# GOAL OF THE EXERCISE
Answer with a number only, giving how many lines in the data below include "moreover".

# PROVIDED DATA
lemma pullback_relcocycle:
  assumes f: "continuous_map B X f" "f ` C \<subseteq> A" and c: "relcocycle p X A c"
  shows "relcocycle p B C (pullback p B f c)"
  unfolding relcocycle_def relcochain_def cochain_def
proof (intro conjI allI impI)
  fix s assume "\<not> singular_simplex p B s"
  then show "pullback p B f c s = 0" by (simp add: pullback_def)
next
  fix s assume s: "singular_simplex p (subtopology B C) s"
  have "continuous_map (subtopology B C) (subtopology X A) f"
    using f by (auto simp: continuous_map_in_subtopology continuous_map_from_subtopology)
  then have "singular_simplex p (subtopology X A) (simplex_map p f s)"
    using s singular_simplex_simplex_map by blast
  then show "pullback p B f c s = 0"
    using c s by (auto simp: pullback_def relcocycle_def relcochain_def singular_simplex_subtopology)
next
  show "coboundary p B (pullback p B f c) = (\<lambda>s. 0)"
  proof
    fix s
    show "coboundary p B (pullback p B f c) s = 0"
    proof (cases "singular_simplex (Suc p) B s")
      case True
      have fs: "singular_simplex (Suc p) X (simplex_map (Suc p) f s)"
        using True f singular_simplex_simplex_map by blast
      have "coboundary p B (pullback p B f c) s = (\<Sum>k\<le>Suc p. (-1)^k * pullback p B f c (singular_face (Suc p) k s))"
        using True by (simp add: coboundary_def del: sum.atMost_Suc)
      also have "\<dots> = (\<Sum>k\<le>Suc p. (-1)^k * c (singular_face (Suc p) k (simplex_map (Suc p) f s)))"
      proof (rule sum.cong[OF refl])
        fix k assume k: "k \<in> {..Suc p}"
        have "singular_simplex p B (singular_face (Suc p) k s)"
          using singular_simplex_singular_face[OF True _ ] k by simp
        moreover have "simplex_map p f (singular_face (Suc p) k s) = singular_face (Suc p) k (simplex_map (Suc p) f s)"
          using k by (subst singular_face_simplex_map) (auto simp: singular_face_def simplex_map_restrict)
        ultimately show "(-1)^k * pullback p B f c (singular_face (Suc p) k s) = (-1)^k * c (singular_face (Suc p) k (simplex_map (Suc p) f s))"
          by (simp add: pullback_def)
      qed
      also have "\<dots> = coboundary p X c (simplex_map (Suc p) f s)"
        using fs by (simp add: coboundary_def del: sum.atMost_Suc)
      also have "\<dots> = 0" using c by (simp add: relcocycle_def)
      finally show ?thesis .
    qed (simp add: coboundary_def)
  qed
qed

==

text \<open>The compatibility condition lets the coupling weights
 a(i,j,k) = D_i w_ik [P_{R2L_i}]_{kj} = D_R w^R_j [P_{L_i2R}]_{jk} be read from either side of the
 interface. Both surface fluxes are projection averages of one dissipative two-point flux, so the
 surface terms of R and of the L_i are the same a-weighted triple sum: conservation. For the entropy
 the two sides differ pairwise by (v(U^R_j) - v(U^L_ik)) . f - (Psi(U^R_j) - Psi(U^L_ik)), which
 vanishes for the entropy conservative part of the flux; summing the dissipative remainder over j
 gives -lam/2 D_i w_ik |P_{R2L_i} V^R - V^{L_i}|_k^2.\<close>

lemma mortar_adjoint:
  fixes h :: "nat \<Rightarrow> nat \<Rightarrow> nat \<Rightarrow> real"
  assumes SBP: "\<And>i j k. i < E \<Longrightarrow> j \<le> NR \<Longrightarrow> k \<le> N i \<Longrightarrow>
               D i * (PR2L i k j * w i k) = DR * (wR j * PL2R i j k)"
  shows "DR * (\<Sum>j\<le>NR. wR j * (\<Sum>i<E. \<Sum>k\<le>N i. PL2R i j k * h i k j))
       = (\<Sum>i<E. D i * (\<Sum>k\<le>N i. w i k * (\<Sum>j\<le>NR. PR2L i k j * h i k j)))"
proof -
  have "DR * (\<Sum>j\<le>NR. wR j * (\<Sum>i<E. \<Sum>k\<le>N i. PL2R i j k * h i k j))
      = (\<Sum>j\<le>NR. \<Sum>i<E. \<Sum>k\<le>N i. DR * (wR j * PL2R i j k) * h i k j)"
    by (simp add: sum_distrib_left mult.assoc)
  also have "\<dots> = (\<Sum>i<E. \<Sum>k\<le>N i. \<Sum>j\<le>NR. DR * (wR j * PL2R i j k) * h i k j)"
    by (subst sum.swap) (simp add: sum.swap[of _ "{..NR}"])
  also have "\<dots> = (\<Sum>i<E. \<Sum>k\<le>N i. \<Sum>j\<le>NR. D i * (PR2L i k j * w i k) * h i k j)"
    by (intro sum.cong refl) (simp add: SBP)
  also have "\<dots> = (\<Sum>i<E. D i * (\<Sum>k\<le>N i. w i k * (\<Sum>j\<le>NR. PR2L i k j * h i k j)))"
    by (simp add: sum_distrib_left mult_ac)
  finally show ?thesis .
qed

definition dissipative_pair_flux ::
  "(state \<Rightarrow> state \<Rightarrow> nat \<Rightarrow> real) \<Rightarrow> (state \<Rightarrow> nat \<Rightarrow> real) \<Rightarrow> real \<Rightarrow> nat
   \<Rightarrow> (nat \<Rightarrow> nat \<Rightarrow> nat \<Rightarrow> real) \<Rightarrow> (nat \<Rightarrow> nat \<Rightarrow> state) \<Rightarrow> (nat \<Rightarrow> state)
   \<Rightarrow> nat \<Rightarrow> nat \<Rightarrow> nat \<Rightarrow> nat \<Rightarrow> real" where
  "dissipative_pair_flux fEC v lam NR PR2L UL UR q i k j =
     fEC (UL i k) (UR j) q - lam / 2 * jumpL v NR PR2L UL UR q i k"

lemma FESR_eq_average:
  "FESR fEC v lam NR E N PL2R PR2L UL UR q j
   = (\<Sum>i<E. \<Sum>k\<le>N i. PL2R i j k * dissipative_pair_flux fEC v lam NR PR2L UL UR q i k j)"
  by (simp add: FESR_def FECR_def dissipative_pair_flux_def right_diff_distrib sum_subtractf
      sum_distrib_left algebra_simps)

==

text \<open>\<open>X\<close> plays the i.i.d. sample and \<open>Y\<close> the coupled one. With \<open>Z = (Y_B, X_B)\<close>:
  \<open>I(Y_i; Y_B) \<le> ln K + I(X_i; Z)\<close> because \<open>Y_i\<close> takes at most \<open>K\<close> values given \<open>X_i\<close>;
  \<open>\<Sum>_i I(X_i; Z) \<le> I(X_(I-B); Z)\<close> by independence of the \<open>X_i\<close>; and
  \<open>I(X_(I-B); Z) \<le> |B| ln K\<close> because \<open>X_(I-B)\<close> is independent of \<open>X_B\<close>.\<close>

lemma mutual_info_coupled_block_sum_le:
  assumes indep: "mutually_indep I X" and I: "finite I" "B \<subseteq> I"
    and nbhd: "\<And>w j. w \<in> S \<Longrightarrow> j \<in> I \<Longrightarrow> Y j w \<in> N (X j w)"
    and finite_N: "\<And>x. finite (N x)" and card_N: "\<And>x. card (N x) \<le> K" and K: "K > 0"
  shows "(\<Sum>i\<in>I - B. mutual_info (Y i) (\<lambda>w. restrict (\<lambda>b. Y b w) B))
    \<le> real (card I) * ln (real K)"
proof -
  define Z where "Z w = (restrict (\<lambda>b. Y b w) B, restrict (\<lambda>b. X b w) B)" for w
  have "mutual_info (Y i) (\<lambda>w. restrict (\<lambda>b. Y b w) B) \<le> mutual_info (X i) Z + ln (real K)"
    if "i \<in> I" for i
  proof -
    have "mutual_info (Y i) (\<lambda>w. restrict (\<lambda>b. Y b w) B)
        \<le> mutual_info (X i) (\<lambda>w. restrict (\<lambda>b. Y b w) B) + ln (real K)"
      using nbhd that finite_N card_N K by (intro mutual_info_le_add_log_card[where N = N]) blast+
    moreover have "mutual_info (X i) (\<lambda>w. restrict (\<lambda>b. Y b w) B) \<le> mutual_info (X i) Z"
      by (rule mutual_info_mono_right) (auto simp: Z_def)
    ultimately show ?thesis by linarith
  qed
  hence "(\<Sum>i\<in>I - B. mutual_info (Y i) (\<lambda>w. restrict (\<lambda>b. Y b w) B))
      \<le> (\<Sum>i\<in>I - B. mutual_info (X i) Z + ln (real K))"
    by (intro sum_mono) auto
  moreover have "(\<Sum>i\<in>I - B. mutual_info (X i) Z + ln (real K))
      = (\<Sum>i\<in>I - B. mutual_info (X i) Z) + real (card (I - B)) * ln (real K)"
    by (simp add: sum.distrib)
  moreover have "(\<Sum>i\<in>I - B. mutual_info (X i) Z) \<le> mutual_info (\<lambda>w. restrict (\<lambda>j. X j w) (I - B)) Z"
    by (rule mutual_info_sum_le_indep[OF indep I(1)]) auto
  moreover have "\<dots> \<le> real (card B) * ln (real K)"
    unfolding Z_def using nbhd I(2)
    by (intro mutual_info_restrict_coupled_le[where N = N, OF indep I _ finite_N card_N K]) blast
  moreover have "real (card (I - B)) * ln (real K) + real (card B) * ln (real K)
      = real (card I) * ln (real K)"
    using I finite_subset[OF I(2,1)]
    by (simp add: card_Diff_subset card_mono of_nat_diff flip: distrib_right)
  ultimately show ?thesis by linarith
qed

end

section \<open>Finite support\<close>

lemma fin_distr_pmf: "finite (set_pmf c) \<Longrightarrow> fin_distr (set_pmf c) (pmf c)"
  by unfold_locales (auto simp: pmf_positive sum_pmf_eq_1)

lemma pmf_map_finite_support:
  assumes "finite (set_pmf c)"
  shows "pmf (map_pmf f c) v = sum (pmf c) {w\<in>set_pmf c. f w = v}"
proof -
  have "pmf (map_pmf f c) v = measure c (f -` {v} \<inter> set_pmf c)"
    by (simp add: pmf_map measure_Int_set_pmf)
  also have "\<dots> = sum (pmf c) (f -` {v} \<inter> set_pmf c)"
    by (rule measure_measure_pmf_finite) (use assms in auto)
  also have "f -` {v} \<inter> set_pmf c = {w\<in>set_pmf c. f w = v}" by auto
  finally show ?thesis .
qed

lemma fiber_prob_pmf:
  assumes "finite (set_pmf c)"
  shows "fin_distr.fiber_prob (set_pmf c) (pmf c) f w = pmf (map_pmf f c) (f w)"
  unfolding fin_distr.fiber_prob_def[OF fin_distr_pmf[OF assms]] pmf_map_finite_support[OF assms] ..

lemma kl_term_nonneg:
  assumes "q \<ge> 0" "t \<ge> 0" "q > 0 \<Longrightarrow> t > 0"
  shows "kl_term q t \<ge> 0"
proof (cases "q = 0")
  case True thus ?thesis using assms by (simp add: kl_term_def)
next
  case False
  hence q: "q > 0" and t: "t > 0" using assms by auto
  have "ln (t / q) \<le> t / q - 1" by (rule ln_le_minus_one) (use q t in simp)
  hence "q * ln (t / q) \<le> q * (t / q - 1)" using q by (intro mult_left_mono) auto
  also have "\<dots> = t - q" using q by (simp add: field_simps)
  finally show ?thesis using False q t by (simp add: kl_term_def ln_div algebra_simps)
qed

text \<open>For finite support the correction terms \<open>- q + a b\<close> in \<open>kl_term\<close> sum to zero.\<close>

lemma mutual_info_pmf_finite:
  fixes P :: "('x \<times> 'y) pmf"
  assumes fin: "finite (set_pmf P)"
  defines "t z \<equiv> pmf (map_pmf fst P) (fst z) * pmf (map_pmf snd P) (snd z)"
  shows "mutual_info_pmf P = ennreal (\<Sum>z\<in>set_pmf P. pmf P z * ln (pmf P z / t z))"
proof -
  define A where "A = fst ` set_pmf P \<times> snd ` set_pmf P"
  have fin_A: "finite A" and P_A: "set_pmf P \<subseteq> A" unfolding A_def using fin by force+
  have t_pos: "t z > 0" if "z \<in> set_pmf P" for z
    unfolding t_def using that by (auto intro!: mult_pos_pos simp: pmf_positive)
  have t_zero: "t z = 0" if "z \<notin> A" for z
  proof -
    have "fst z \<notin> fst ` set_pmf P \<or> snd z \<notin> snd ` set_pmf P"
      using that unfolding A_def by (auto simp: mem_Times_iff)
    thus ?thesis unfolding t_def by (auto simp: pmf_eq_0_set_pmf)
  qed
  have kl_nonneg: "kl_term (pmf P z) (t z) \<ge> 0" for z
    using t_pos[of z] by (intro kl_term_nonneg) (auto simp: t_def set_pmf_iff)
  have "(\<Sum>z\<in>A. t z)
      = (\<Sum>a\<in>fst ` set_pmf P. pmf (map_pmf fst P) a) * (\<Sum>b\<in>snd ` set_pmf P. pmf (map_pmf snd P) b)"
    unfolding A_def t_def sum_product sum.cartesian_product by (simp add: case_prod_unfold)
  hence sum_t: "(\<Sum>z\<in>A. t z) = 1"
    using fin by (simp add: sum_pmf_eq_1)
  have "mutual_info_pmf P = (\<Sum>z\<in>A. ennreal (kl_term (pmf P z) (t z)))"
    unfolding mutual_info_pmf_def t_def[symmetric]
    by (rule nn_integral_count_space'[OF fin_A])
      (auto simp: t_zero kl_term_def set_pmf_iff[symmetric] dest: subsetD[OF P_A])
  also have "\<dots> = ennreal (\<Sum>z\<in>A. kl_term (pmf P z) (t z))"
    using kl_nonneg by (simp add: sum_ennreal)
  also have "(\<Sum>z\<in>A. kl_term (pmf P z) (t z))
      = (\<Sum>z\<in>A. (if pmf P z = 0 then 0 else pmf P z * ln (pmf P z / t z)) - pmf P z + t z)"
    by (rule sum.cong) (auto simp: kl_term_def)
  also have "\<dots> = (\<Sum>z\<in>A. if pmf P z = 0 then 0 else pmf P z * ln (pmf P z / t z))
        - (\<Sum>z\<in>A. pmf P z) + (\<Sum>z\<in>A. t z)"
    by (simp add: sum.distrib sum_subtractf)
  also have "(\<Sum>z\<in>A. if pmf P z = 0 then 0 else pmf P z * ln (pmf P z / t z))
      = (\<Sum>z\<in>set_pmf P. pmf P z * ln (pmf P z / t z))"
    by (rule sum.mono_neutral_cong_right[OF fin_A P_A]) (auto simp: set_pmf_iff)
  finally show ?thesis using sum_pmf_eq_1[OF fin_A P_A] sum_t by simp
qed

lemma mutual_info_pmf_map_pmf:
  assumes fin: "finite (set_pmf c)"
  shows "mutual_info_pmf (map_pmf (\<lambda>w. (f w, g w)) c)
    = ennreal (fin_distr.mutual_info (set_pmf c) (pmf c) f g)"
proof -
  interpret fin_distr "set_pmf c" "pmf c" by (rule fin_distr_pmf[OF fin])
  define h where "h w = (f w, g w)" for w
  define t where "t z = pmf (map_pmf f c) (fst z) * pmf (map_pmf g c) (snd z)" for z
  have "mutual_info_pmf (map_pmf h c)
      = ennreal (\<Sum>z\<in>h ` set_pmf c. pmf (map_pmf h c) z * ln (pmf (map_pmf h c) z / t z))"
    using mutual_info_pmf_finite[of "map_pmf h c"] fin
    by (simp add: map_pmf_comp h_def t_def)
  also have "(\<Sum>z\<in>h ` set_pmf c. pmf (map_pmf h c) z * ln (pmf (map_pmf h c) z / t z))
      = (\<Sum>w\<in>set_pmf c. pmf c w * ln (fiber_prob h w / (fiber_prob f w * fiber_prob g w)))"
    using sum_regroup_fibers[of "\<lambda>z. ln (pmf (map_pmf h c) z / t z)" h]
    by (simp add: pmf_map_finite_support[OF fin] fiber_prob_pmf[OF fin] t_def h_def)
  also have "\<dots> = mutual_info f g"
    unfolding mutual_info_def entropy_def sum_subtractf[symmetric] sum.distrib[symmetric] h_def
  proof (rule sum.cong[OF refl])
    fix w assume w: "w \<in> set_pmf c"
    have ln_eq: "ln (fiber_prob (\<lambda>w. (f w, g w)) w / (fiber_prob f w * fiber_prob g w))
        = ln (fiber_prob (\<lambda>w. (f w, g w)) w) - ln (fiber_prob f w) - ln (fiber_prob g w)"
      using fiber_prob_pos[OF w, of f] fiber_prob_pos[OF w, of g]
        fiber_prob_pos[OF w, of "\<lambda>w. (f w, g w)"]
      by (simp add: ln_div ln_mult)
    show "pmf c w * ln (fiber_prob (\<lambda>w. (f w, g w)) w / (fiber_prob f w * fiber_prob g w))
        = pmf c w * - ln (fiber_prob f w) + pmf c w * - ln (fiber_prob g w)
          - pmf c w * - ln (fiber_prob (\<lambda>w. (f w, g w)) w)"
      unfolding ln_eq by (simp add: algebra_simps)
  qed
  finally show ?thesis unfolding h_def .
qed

# SOLUTION BELOW
6